*** Opening of STORED DATA ***
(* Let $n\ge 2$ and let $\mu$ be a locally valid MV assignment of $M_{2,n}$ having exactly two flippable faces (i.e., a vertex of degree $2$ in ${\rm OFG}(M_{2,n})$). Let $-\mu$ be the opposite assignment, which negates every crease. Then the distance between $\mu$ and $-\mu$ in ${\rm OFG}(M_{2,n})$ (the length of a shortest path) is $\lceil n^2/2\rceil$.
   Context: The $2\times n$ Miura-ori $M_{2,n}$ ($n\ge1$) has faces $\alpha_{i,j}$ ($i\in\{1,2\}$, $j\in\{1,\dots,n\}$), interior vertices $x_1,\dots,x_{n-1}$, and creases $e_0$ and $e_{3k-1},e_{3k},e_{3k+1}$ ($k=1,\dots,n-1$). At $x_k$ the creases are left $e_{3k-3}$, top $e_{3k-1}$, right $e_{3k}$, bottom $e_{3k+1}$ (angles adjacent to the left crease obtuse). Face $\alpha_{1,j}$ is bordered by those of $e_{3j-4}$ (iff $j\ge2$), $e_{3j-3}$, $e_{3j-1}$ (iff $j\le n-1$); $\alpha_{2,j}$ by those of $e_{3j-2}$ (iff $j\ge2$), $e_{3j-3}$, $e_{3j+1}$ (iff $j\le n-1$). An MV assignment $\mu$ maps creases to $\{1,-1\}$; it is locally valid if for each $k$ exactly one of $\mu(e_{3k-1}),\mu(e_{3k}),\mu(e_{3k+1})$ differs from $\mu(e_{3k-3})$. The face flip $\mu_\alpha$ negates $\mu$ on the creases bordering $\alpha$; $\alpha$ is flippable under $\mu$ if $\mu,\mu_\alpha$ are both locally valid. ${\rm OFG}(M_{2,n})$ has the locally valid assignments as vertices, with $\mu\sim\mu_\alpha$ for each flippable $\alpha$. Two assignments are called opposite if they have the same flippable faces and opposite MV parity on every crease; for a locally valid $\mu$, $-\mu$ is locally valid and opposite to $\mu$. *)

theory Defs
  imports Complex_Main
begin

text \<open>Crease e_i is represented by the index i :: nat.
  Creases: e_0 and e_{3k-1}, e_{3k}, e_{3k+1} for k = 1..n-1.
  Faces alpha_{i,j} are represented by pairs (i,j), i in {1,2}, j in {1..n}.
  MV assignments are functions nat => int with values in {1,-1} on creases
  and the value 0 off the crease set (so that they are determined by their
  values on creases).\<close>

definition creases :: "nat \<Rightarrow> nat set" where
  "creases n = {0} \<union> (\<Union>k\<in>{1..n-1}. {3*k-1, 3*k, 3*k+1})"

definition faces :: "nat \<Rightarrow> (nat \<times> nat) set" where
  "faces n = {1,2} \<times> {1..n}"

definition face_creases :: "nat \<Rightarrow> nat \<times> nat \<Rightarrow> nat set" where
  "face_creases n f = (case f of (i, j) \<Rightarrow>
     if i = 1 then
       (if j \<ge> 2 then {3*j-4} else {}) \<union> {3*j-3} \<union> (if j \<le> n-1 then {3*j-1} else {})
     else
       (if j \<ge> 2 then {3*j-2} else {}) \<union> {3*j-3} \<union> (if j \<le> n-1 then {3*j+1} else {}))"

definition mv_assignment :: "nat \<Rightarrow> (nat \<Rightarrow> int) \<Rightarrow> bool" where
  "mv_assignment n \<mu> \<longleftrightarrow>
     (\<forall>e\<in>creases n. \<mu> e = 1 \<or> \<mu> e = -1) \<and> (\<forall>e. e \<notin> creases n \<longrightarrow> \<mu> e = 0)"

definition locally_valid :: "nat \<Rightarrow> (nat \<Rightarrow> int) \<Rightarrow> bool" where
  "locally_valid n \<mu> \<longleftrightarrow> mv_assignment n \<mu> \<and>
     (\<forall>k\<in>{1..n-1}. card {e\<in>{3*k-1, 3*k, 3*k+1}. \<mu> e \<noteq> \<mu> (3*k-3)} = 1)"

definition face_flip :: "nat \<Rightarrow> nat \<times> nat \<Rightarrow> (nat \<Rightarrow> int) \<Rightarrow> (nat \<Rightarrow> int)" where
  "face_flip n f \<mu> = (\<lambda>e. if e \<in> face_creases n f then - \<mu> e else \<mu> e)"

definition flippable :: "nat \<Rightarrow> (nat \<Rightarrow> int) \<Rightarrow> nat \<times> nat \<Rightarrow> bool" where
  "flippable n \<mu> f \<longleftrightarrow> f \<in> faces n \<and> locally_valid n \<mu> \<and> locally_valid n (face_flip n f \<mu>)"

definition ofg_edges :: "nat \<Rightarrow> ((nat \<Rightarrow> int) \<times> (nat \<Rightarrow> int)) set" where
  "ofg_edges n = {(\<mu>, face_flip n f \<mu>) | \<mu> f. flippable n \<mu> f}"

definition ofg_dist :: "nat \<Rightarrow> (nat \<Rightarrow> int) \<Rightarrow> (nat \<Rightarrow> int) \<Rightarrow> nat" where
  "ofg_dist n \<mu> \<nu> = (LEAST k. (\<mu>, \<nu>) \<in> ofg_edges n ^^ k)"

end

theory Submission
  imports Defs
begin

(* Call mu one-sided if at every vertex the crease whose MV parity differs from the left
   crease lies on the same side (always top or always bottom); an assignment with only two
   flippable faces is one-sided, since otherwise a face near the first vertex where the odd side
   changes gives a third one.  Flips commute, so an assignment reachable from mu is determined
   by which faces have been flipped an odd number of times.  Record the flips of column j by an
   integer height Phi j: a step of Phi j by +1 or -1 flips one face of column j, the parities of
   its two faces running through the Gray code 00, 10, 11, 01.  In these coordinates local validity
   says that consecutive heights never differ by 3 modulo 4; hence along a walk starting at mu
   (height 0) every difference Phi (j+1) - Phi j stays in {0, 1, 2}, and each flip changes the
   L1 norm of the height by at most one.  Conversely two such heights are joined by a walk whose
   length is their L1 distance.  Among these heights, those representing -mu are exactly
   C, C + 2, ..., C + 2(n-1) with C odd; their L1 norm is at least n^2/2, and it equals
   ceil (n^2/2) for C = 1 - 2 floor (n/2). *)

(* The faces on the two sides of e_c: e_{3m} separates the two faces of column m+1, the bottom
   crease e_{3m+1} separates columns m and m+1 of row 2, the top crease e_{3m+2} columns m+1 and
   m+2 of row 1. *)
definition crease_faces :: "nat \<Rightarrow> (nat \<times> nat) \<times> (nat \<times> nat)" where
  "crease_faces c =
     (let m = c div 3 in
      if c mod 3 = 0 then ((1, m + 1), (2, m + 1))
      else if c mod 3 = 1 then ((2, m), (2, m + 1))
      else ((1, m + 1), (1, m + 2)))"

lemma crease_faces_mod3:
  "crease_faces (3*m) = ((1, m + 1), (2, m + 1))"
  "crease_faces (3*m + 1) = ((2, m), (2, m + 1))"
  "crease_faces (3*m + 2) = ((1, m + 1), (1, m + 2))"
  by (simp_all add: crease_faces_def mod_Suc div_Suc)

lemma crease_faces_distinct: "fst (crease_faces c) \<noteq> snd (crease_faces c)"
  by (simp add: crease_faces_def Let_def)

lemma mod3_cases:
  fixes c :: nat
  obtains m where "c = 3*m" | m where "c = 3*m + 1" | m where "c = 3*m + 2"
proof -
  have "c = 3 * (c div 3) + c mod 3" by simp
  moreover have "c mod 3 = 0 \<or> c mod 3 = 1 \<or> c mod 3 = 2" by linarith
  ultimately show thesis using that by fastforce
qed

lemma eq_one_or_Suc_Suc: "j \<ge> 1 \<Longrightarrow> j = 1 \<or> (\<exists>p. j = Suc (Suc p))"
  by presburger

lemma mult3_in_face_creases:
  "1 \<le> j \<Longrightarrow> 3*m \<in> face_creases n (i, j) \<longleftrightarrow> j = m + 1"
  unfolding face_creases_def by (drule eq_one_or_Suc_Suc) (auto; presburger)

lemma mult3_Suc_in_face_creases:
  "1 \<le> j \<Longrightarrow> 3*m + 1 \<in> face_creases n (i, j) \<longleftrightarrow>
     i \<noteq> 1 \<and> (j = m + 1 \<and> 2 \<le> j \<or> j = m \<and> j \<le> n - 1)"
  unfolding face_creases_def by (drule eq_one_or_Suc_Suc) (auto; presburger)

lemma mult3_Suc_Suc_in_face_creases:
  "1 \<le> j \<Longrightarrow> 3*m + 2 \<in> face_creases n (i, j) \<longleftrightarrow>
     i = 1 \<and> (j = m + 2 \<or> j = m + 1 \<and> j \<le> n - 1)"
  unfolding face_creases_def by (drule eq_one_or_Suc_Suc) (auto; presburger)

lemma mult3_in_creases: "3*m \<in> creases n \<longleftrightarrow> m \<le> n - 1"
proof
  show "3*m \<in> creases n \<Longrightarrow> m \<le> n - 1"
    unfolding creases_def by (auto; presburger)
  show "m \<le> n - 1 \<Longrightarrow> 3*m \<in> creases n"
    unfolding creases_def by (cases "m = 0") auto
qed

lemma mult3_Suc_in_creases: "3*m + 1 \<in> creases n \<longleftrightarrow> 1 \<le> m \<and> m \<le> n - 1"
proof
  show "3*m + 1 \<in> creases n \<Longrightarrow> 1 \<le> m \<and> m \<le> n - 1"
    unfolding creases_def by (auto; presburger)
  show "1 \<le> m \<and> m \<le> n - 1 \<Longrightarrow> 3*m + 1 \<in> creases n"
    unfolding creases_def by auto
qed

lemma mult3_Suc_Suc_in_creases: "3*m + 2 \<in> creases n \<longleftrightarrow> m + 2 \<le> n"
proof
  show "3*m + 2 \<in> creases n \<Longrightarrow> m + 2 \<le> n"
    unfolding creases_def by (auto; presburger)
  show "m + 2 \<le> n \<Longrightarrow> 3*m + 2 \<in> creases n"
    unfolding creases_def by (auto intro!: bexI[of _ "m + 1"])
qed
*** Close of STORED DATA ***
Retrieve each line of the data in which the word "that" can be found.

▶ _ANSWER TO THIS EXERCISE_:
  and the value 0 off the crease set (so that they are determined by their
   says that consecutive heights never differ by 3 modulo 4; hence along a walk starting at mu
  ultimately show thesis using that by fastforce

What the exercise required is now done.